History

Great Britain
- Name: HMS Yarmouth
- Ordered: 23 January 1691
- Builder: Nicholas Barrett, Harwich
- Launched: 7 January 1695
- Fate: Broken up, 1707 and rebuilt to 1709;; finally broken up 1769.;

General characteristics as built
- Class & type: 70-gun third rate ship of the line
- Tons burthen: 1,059 bm
- Length: =*150 ft 10 in (46.0 m) (gundeck); 123 ft 11 in (37.8 m) (keel);
- Beam: 40 ft 1 in (12.2 m)
- Depth of hold: 16 ft 11 in (5.2 m)
- Propulsion: Sails
- Sail plan: Full-rigged ship
- Armament: 70 guns (comprising twenty-six 24-pounders, twenty-six demi-culverins, fourteen sakers and four 6-pounders)

General characteristics after 1709 rebuild
- Class & type: 1706 Establishment 70-gun third rate ship of the line
- Tons burthen: 1,110 60/94 bm
- Length: 150 ft (45.7 m) (gundeck); 123 ft 4 in (37.6 m) (keel);
- Beam: 41 ft (12 m)
- Depth of hold: 17 ft 4 in (5.3 m)
- Armament: 70 guns:; Gundeck: 26 × 24 pdrs; Upper gundeck: 26 × 12 pdrs; Quarterdeck: 14 × 6 pdrs; Forecastle: 4 × 6 pdrs;

= HMS Yarmouth (1695) =

Ship of the line of the Royal Navy

HMS Yarmouth was a 70-gun third rate ship of the line of the English Royal Navy, built for the navy by a private contractor at Harwich under the 1690 Programme, and launched in 1695.

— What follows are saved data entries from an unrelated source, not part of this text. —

lemma defect_map2_add:
  assumes "length mu \<le> length u" "length mu \<le> length w"
  shows "defect mu l (map2 (+) u w) (e + f) = defect mu l u e + defect mu l w f"
  using assms by (simp add: defect_def sum.distrib[symmetric] algebra_simps)

lemma defect_eq:
  assumes "\<forall>c\<in>set mu. c dvd l"
  shows "real_of_int (defect mu l u e) = real l * slack mu u e"
proof -
  have "real (l div mu ! i) = real l / real (mu ! i)" if "i < length mu" for i
    using assms that by (simp add: real_of_nat_div)
  then show ?thesis
    by (simp add: defect_def slack_def sum_distrib_left right_diff_distrib)
qed

lemma minimal_generator_snoc_decrement:
  assumes "minimal_generator (mu @ [c]) (u @ [Suc x], e)" "0 < c" "0 < e"
  shows "(u @ [x], e) \<notin> M (mu @ [c])"
proof
  assume mem: "(u @ [x], e) \<in> M (mu @ [c])"
  then have len: "length u = length mu"
    using \<open>0 < c\<close> by (simp add: mem_M_snoc_iff)
  define unit_vec where "unit_vec = (replicate (length mu) 0 @ [1::nat], 0::nat)"
  have "unit_vec \<in> M (mu @ [c])"
    using \<open>0 < c\<close> by (simp add: unit_vec_def mem_M_snoc_iff slack_replicate_zero)
  moreover have "unit_vec \<noteq> vzero (length (mu @ [c]))" "(u @ [x], e) \<noteq> vzero (length (mu @ [c]))"
    using \<open>0 < e\<close> by (simp_all add: unit_vec_def snoc_eq_vzero_iff)
  moreover have "(u @ [Suc x], e) = vadd (u @ [x], e) unit_vec"
  proof -
    have "map2 (+) u (replicate (length mu) 0) = u"
      using len by (simp add: list_eq_iff_nth_eq)
    then show ?thesis
      using len by (simp add: unit_vec_def vadd_snoc)
  qed
  ultimately show False
    using mem assms(1) unfolding minimal_generator_def by blast
qed

lemma minimal_generator_shift_preimage_tight:
  assumes dvd: "\<forall>c\<in>set mu. c dvd l" and "0 < L"
    and gen: "minimal_generator (mu @ [L + l]) (u @ [x'], e)" and "0 < e" "0 < x'"
  obtains x where "int x' = int x + defect mu l u e" "0 < x" "(u @ [x], e) \<in> M (mu @ [L])"
    "real x < real L * slack mu u e + 1"
proof -
  define A where "A = int x' - defect mu l u e"
  define g where "g = slack mu u e"
  have x'_eq: "real x' = real_of_int A + real l * g"
    using defect_eq[OF dvd, of u e] by (simp add: A_def g_def)
  have "(u @ [x'], e) \<in> M (mu @ [L + l])"
    using gen by (simp add: minimal_generator_def)
  then have len: "length u = length mu" and "real (L + l) * g \<le> real x'"
    using \<open>0 < L\<close> by (simp_all add: mem_M_snoc_iff g_def)
  then have A_lower: "real L * g \<le> real_of_int A"
    using x'_eq by (simp add: distrib_right)
  have "(u @ [x' - 1], e) \<notin> M (mu @ [L + l])"
    using minimal_generator_snoc_decrement[of mu "L + l" u "x' - 1" e] gen \<open>0 < L\<close> \<open>0 < e\<close> \<open>0 < x'\<close>
    by simp
  then have "real x' - 1 < real (L + l) * g"
    using len \<open>0 < L\<close> \<open>0 < x'\<close> by (simp add: mem_M_snoc_iff g_def)
  then have A_upper: "real_of_int A < real L * g + 1"
    using x'_eq by (simp add: distrib_right)
  have "0 < (real L + real l) * g"
    using x'_eq A_upper \<open>0 < x'\<close> by (simp add: distrib_right)
  then have "0 < real L * g"
    using \<open>0 < L\<close> by (simp add: zero_less_mult_iff add_pos_nonneg)
  then have "0 < A"
    using A_lower by linarith
  show thesis
  proof
    show "int x' = int (nat A) + defect mu l u e" "0 < nat A"
      using \<open>0 < A\<close> by (simp_all add: A_def)
    show "real (nat A) < real L * slack mu u e + 1" "(u @ [nat A], e) \<in> M (mu @ [L])"
      using A_lower A_upper \<open>0 < A\<close> \<open>0 < L\<close> len by (simp_all add: mem_M_snoc_iff g_def)
  qed
qed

She was commissioned in 1695 under Captain James Moodie, and joined Berkeley's squadron. She sailed to the Mediterranean in 1696. In February 1696 she was under Captain William Whetstone, and in 1697 under Captain William Clevland. In 1702 she was in service under Captain William Prother, serving with Rooke's fleet at Cadiz in 1702 before proceeding to the West Indies. She took part in the Battle of Velez-Malaga on 13 August 1704.

The Yarmouth was broken up in 1707 and rebuilt according to the 1706 Establishment by John Wicker at his Deptford private shipyard, being re-launched on 9 September 1709. She served until 1740, when she was hulked at Portsmouth, being finally broken up in 1769.